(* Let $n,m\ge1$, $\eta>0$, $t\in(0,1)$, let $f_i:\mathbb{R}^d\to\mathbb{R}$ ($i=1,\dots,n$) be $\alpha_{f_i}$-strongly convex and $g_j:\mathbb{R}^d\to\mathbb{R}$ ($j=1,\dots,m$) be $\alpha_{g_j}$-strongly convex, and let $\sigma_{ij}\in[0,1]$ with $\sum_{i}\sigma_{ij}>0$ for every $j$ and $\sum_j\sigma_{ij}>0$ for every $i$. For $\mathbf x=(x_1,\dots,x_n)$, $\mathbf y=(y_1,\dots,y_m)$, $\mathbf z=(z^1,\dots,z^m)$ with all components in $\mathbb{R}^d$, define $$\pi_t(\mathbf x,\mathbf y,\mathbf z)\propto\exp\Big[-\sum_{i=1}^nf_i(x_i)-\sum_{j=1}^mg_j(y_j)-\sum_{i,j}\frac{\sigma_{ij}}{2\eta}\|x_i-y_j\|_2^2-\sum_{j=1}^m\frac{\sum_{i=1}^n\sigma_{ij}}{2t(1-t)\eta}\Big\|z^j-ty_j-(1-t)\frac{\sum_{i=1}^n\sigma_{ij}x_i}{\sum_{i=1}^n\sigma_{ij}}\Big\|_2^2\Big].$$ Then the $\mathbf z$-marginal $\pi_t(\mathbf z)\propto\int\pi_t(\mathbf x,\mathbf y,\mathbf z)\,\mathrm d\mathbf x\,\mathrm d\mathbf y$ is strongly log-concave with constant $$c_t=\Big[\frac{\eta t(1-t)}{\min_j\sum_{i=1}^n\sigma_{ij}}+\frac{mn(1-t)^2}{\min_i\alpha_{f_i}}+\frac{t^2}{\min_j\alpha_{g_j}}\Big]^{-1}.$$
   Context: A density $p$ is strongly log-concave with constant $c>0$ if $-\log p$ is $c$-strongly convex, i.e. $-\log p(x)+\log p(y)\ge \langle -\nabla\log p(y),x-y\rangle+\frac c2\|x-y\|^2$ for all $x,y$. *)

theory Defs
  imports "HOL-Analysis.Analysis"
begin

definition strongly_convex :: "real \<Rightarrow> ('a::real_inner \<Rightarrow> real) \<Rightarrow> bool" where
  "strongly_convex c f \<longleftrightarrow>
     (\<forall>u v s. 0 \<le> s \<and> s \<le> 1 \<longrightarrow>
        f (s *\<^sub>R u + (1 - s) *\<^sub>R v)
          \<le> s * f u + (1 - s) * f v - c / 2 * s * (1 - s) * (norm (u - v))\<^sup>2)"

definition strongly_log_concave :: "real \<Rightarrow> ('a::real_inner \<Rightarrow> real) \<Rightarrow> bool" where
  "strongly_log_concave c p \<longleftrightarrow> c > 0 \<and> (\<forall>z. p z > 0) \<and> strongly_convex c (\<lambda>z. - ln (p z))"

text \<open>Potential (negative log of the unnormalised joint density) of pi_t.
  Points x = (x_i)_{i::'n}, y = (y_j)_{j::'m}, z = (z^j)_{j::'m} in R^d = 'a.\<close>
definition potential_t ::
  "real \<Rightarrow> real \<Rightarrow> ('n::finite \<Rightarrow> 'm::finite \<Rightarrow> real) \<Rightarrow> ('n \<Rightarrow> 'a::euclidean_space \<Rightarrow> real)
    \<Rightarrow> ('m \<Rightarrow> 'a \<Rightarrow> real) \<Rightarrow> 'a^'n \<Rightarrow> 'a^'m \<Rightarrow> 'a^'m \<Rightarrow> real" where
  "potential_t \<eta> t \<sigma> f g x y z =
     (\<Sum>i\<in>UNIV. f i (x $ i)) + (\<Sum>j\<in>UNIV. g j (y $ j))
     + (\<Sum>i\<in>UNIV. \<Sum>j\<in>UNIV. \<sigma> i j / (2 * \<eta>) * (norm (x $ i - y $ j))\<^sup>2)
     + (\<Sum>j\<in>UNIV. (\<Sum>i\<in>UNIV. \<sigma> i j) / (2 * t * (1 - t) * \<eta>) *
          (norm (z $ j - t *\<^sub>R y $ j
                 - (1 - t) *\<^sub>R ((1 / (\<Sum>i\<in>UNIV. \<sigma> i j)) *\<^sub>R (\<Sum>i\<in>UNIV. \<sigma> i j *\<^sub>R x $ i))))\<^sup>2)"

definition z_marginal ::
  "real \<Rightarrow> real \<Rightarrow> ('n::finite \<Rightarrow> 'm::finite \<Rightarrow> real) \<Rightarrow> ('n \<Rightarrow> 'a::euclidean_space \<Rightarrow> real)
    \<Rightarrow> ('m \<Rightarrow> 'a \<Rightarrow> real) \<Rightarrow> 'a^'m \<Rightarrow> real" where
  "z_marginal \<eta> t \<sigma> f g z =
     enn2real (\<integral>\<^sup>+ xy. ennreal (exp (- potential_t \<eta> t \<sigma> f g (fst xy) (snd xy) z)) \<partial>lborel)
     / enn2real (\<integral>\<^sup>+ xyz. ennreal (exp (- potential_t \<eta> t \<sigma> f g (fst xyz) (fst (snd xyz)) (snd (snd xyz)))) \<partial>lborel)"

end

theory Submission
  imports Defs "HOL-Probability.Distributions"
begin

▶ _Work instructions_:
If a line of the data holds the string "integral", list it.

▶ _Answer to this task_:
     enn2real (\<integral>\<^sup>+ xy. ennreal (exp (- potential_t \<eta> t \<sigma> f g (fst xy) (snd xy) z)) \<partial>lborel)
     / enn2real (\<integral>\<^sup>+ xyz. ennreal (exp (- potential_t \<eta> t \<sigma> f g (fst xyz) (fst (snd xyz)) (snd (snd xyz)))) \<partial>lborel)"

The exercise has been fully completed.